What to do: Please copy every line of the data in which the string "metis" appears.

--

lemma affine_closed_Vsp: "affine_closed (Vsp d)"
  unfolding affine_closed_def
proof (intro ballI allI)
  fix a b t assume a: "a \<in> Vsp d" and b: "b \<in> Vsp d"
  have "snd (affine_comb a b t) i j = - snd (affine_comb a b t) j i" for i j
    using Vsp_skew[OF a, of i j] Vsp_skew[OF b, of i j] unfolding affine_comb_def
    by (simp add: algebra_simps)
  moreover have "is_dmat d (snd (affine_comb a b t))"
    using Vsp_is_dmat[OF a] Vsp_is_dmat[OF b] unfolding is_dmat_def affine_comb_def by simp
  moreover have "fst (affine_comb a b t) i = 0" if "i \<notin> {1..d}" for i
    using Vsp_fst_eq_0[OF a that] Vsp_fst_eq_0[OF b that] unfolding affine_comb_def by simp
  ultimately show "affine_comb a b t \<in> Vsp d"
    unfolding Vsp_iff by blast
qed

section \<open>Rational functions\<close>

lemma rat_eq_sym: "rat_eq d F G \<Longrightarrow> rat_eq d G F"
  unfolding rat_eq_def by metis

lemma rat_eq_trans:
  assumes F: "is_ratfun d F" and G: "is_ratfun d G" and H: "is_ratfun d H"
    and FG: "rat_eq d F G" and GH: "rat_eq d G H"
  shows "rat_eq d F H"
proof -
  obtain y where y: "y \<in> Vsp d" "snd G y \<noteq> 0"
    using G unfolding is_ratfun_def by blast
  have zero: "\<forall>x\<in>Vsp d. (fst F x * snd H x - fst H x * snd F x) * snd G x = 0"
  proof
    fix x assume x: "x \<in> Vsp d"
    have FGx: "fst F x * snd G x = fst G x * snd F x" and GHx: "fst G x * snd H x = fst H x * snd G x"
      using FG GH x unfolding rat_eq_def by auto
    have "(fst F x * snd H x - fst H x * snd F x) * snd G x
        = (fst F x * snd G x) * snd H x - (fst H x * snd G x) * snd F x"
      by (simp add: algebra_simps)
    also have "\<dots> = (fst G x * snd F x) * snd H x - (fst G x * snd H x) * snd F x"
      by (simp only: FGx GHx)
    also have "\<dots> = 0"
      by (simp add: algebra_simps)
    finally show "(fst F x * snd H x - fst H x * snd F x) * snd G x = 0" .
  qed
  have poly: "(\<lambda>x. fst F x * snd H x - fst H x * snd F x) \<in> polyfun d"
    using F H unfolding is_ratfun_def by (intro polyfun_diff polyfun.mult) auto
  have "snd G \<in> polyfun d"
    using G unfolding is_ratfun_def by blast
  then have "fst F x * snd H x - fst H x * snd F x = 0" if "x \<in> Vsp d" for x
    using polyfun_mult_eq_0[OF poly _ affine_closed_Vsp zero y that] by blast
  then show ?thesis
    unfolding rat_eq_def by simp
qed

lemma rat_val_eq:
  assumes F: "is_ratfun d F" and G: "is_ratfun d G" and FG: "rat_eq d F G"
    and x: "x \<in> Vsp d" and nz: "snd G x \<noteq> 0"
  shows "rat_val d F x = fst G x / snd G x"
proof -
  let ?P = "\<lambda>v. \<exists>G. is_ratfun d G \<and> rat_eq d F G \<and> snd G x \<noteq> 0 \<and> v = fst G x / snd G x"
  have "?P (rat_val d F x)"
    unfolding rat_val_def by (rule someI[of ?P]) (use G FG nz in blast)
  then obtain G' where G': "is_ratfun d G'" "rat_eq d F G'" "snd G' x \<noteq> 0"
    and val: "rat_val d F x = fst G' x / snd G' x"
    by blast
  have "rat_eq d G' G"
    using rat_eq_trans[OF G'(1) F G rat_eq_sym[OF G'(2)] FG] .
  then have "fst G' x * snd G x = fst G x * snd G' x"
    using x unfolding rat_eq_def by blast
  then show ?thesis
    using G'(3) nz val by (simp add: frac_eq_eq)
qed

lemma rat_val_polynomial:
  assumes "is_ratfun d F" "p \<in> polyfun d" "rat_eq d F (p, \<lambda>x. 1)" "x \<in> Vsp d"
  shows "rat_val d F x = p x"
proof -
  have "is_ratfun d (p, \<lambda>x. 1)"
    unfolding is_ratfun_def fst_conv snd_conv using assms(2,4) polyfun.const one_neq_zero by blast
  then show ?thesis
    using rat_val_eq[OF assms(1) _ assms(3,4)] by simp
qed
lemma msum_eq_lub_chain:
  assumes fin: "\<And>n. finite (A n)" and mono: "\<And>n. A n \<subseteq> A (Suc n)" and exhaust: "(\<Union>n. A n) = S"
  shows "msum (f::_ \<Rightarrow> 'm) S = lub (range (\<lambda>n. sum f (A n)))"
proof -
  have chain: "asc_chain (\<lambda>n. sum f (A n))"
    unfolding asc_chain_def using fin mono by (auto intro: mle_sum_subset)
  have cover: "\<exists>n. F \<subseteq> A n" if "finite F" "F \<subseteq> S" for F
    using that
  proof (induction F rule: finite_induct)
    case (insert x F)
    then obtain n m where "F \<subseteq> A n" "x \<in> A m"
      using exhaust by auto
    moreover have "A n \<subseteq> A (max n m)" "A m \<subseteq> A (max n m)"
      by (rule lift_Suc_mono_le[of A, OF mono], simp)+
    ultimately show ?case by blast
  qed simp
  have "mle (sum f F) v"
    if "\<forall>n. mle (sum f (A n)) v" "finite F" "F \<subseteq> S" for F v
    using cover[OF that(2,3)] that(1) mle_sum_subset[OF fin] by (blast intro: mle_trans)
  then have "is_lub {sum f F | F. finite F \<and> F \<subseteq> S} (lub (range (\<lambda>n. sum f (A n))))"
    by (intro is_lub_cong_ub[OF _ is_lub_chain[OF chain]]) (use fin exhaust in blast)
  then show ?thesis
    unfolding msum_def by (rule lub_eq)
qed

end

subsection \<open>The flow as limit of Kleene iterates\<close>

fun flow_iterate :: "nat set \<Rightarrow> (nat \<Rightarrow> nat \<Rightarrow> 'm \<Rightarrow> 'm) \<Rightarrow> (nat \<Rightarrow> nat \<Rightarrow> 'm::comm_monoid_add)
    \<Rightarrow> nat \<Rightarrow> nat \<Rightarrow> 'm" where
  "flow_iterate X E infl 0 x = 0"
| "flow_iterate X E infl (Suc n) x =
     (if x \<in> X then inflow_at X infl x + (\<Sum>y\<in>X. E y x (flow_iterate X E infl n y)) else 0)"

lemma flow_iterate_Suc_mono:
  assumes "\<And>x w. x \<in> X \<Longrightarrow> distributive (E x w)"
  shows "mle (flow_iterate X E infl n x) (flow_iterate X E infl (Suc n) x)"
proof (induction n arbitrary: x)
  case (Suc n)
  then have "mle (\<Sum>y\<in>X. E y x (flow_iterate X E infl n y)) (\<Sum>y\<in>X. E y x (flow_iterate X E infl (Suc n) y))"
    using assms by (blast intro: mle_sum_mono distributive_mle_mono)
  then show ?case
    by (simp add: mle_refl mle_add_mono)
qed (simp add: mle_0)

lemma asc_chain_flow_iterate:
  "(\<And>x w. x \<in> X \<Longrightarrow> distributive (E x w)) \<Longrightarrow> asc_chain (\<lambda>n. flow_iterate X E infl n x)"
  unfolding asc_chain_def by (blast intro: flow_iterate_Suc_mono)
lemma red_eq_iff:
  assumes "i < length w" "j < length w"
  shows "red w ! i = red w ! j \<longleftrightarrow> w ! i = w ! j"
  using red_less_iff[OF assms] red_less_iff[OF assms(2,1)] by (metis linorder_neq_iff)

lemma card_less_eq_length_remdups_filter:
  "card {y \<in> set w. y < x} = length (remdups (filter (\<lambda>y. y < x) w))"
  by (metis length_remdups_card_conv set_filter)

lemma red_eq_pat_p_iff: "red [a, b, c, d] = pat_p \<longleftrightarrow> a = c \<and> a < b \<and> b < d"
proof
  assume "red [a, b, c, d] = pat_p"
  then show "a = c \<and> a < b \<and> b < d"
    using red_eq_iff[of 0 "[a, b, c, d]" 2] red_less_iff[of 0 "[a, b, c, d]" 1]
      red_less_iff[of 1 "[a, b, c, d]" 3]
    by (simp add: pat_p_def)
qed (unfold red_def card_less_eq_length_remdups_filter pat_p_def, auto)

lemma red_eq_pat_q_iff: "red [a, b, c, d] = pat_q \<longleftrightarrow> a < b \<and> b = c \<and> c < d"
proof
  assume "red [a, b, c, d] = pat_q"
  then show "a < b \<and> b = c \<and> c < d"
    using red_eq_iff[of 1 "[a, b, c, d]" 2] red_less_iff[of 0 "[a, b, c, d]" 1]
      red_less_iff[of 2 "[a, b, c, d]" 3]
    by (simp add: pat_q_def)
qed (unfold red_def card_less_eq_length_remdups_filter pat_q_def, auto)

lemma take_4_drop:
  assumes "k + 3 < length xs"
  shows "take 4 (drop k xs) = [xs ! k, xs ! (k + 1), xs ! (k + 2), xs ! (k + 3)]"
  using assms by (simp add: take_Suc_conv_app_nth numeral_eq_Suc)

definition occ_p :: "int list \<Rightarrow> nat \<Rightarrow> bool" where
  "occ_p xs k \<longleftrightarrow> k + 3 < length xs \<and>
     xs ! k = xs ! (k + 2) \<and> xs ! k < xs ! (k + 1) \<and> xs ! (k + 1) < xs ! (k + 3)"

definition occ_q :: "int list \<Rightarrow> nat \<Rightarrow> bool" where
  "occ_q xs k \<longleftrightarrow> k + 3 < length xs \<and>
     xs ! k < xs ! (k + 1) \<and> xs ! (k + 1) = xs ! (k + 2) \<and> xs ! (k + 2) < xs ! (k + 3)"

abbreviation occ_pq :: "int list \<Rightarrow> nat \<Rightarrow> bool" where
  "occ_pq xs k \<equiv> occ_p xs k \<or> occ_q xs k"

lemma Em_pat_p_eq: "Em pat_p xs = Suc ` {k. occ_p xs k}"
proof -
  have "j \<in> Em pat_p xs \<longleftrightarrow> (\<exists>k. j = Suc k \<and> occ_p xs k)" for j
    by (cases j) (auto simp: Em_def occ_p_def take_4_drop red_eq_pat_p_iff)
  then show ?thesis by auto
qed

lemma Em_pat_q_eq: "Em pat_q xs = Suc ` {k. occ_q xs k}"
proof -
  have "j \<in> Em pat_q xs \<longleftrightarrow> (\<exists>k. j = Suc k \<and> occ_q xs k)" for j
    by (cases j) (auto simp: Em_def occ_q_def take_4_drop red_eq_pat_q_iff)
  then show ?thesis by auto
qed

lemma occ_pq_order:
  assumes "occ_pq xs k"
  shows "k + 3 < length xs" "xs ! k < xs ! (k + 1)" "xs ! (k + 2) \<le> xs ! (k + 1)"
    "xs ! (k + 2) < xs ! (k + 3)" "xs ! (k + 1) < xs ! (k + 3)"
  using assms by (auto simp: occ_p_def occ_q_def)

lemma not_occ_p_and_occ_q: "\<not> (occ_p xs k \<and> occ_q xs k)"
  by (auto simp: occ_p_def occ_q_def)

lemma occ_pq_not_occ_pq_Suc: "occ_pq xs k \<Longrightarrow> \<not> occ_pq xs (Suc k)"
  using occ_pq_order[of xs k] occ_pq_order[of xs "Suc k"] by force

definition algA_state :: "int list \<Rightarrow> nat \<Rightarrow> int list \<times> int option" where
  "algA_state xs i = fold (algA_step (Em pat_p xs) (Em pat_q xs)) [1..<i + 1] (xs, None)"

abbreviation algA_seq :: "int list \<Rightarrow> nat \<Rightarrow> int list" where
  "algA_seq xs i \<equiv> fst (algA_state xs i)"

abbreviation algA_last :: "int list \<Rightarrow> nat \<Rightarrow> int option" where
  "algA_last xs i \<equiv> snd (algA_state xs i)"

lemma algA_state_0: "algA_state xs 0 = (xs, None)"
  by (simp add: algA_state_def)

lemma algA_state_Suc:
  "algA_state xs (Suc i) = algA_step (Em pat_p xs) (Em pat_q xs) (Suc i) (algA_state xs i)"
  by (simp add: algA_state_def)

lemma algA_eq_algA_seq: "algA xs = algA_seq xs (length xs)"
  by (simp add: algA_def algA_state_def)

lemma algA_seq_Suc_eq_update: "\<exists>v. algA_seq xs (Suc i) = (algA_seq xs i)[i := v]"
  unfolding algA_state_Suc algA_step_def Let_def
  by (auto split: option.split intro: exI[of _ "algA_seq xs i ! i"])
(* Let $\widehat\Sigma$ be an integral $\mathbb Q$-affine polyhedral complex with support $\mathbb R^N$ admitting a strictly convex function $\widehat H\in\operatorname{Rat}(\widehat\Sigma)$, and let $\Sigma'$ be a subcomplex of $\widehat\Sigma$. Then every facewise affine function $F$ on $\widehat\Sigma$ can be written as $F=H_1-H_2$ with $H_1,H_2$ strictly convex facewise affine functions on $\widehat\Sigma$. Moreover, if the restriction of $F$ to $|\Sigma'|$ belongs to $\operatorname{Rat}(\Sigma')$, then $H_1,H_2$ can be chosen with restrictions to $|\Sigma'|$ belonging to $\operatorname{Rat}(\Sigma')$.
   Context: An integral $\mathbb Q$-affine polyhedral complex in $\mathbb R^N$ is a finite collection of polyhedra $\{u:L_i(u)\ge0\}$ with $L_i(u)=\langle m_i,u\rangle+\gamma_i$, $m_i\in\mathbb Z^N$, $\gamma_i\in\mathbb Q$, closed under faces, any two meeting in a common face. A function on $|\Sigma|$ is facewise (integral $\mathbb Q$-)affine if its restriction to each cell is the restriction of an (integral $\mathbb Q$-)affine function on $\mathbb R^N$. $\operatorname{Rat}(\Sigma)$ is the set of $\infty$ and facewise integral $\mathbb Q$-affine functions on $\Sigma$ having the same slope near infinity along any two parallel rays (unbounded one-dimensional cells with the same direction) of $\Sigma$. A facewise affine $H$ is convex if for each cell $\sigma$ there is an affine $L_\sigma$ on $\mathbb R^N$ with $H=L_\sigma$ on $\sigma$ and $H-L_\sigma\ge0$ on $\eta\setminus\sigma$ for every cell $\eta\supseteq\sigma$; strictly convex if these inequalities are strict. *)

theory Defs
  imports "HOL-Analysis.Analysis"
begin

definition int_Q_affine :: "((real^'n) \<Rightarrow> real) \<Rightarrow> bool" where
  "int_Q_affine L \<longleftrightarrow>
     (\<exists>m::real^'n. \<exists>\<gamma>::real. (\<forall>i. m $ i \<in> \<int>) \<and> \<gamma> \<in> \<rat> \<and> L = (\<lambda>u. inner m u + \<gamma>))"

definition aff_fun :: "((real^'n) \<Rightarrow> real) \<Rightarrow> bool" where
  "aff_fun L \<longleftrightarrow> (\<exists>m::real^'n. \<exists>c::real. L = (\<lambda>u. inner m u + c))"

definition int_Q_polyhedron :: "(real^'n) set \<Rightarrow> bool" where
  "int_Q_polyhedron P \<longleftrightarrow>
     (\<exists>S. finite S \<and> (\<forall>L\<in>S. int_Q_affine L) \<and> P = {u. \<forall>L\<in>S. L u \<ge> 0})"

definition int_Q_complex :: "(real^'n) set set \<Rightarrow> bool" where
  "int_Q_complex \<Sigma> \<longleftrightarrow>
     finite \<Sigma> \<and>
     (\<forall>\<sigma>\<in>\<Sigma>. int_Q_polyhedron \<sigma> \<and> \<sigma> \<noteq> {}) \<and>
     (\<forall>\<sigma>\<in>\<Sigma>. \<forall>F. F face_of \<sigma> \<and> F \<noteq> {} \<longrightarrow> F \<in> \<Sigma>) \<and>
     (\<forall>\<sigma>\<in>\<Sigma>. \<forall>\<tau>\<in>\<Sigma>. (\<sigma> \<inter> \<tau>) face_of \<sigma> \<and> (\<sigma> \<inter> \<tau>) face_of \<tau>)"

definition subcomplex :: "(real^'n) set set \<Rightarrow> (real^'n) set set \<Rightarrow> bool" where
  "subcomplex \<Sigma>' \<Sigma> \<longleftrightarrow> \<Sigma>' \<subseteq> \<Sigma> \<and> int_Q_complex \<Sigma>'"

definition facewise_affine :: "(real^'n) set set \<Rightarrow> ((real^'n) \<Rightarrow> real) \<Rightarrow> bool" where
  "facewise_affine \<Sigma> F \<longleftrightarrow> (\<forall>\<sigma>\<in>\<Sigma>. \<exists>L. aff_fun L \<and> (\<forall>u\<in>\<sigma>. F u = L u))"

definition facewise_int_Q_affine :: "(real^'n) set set \<Rightarrow> ((real^'n) \<Rightarrow> real) \<Rightarrow> bool" where
  "facewise_int_Q_affine \<Sigma> F \<longleftrightarrow> (\<forall>\<sigma>\<in>\<Sigma>. \<exists>L. int_Q_affine L \<and> (\<forall>u\<in>\<sigma>. F u = L u))"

--

Output for this exercise:
  unfolding rat_eq_def by metis
  using red_less_iff[OF assms] red_less_iff[OF assms(2,1)] by (metis linorder_neq_iff)
  by (metis length_remdups_card_conv set_filter)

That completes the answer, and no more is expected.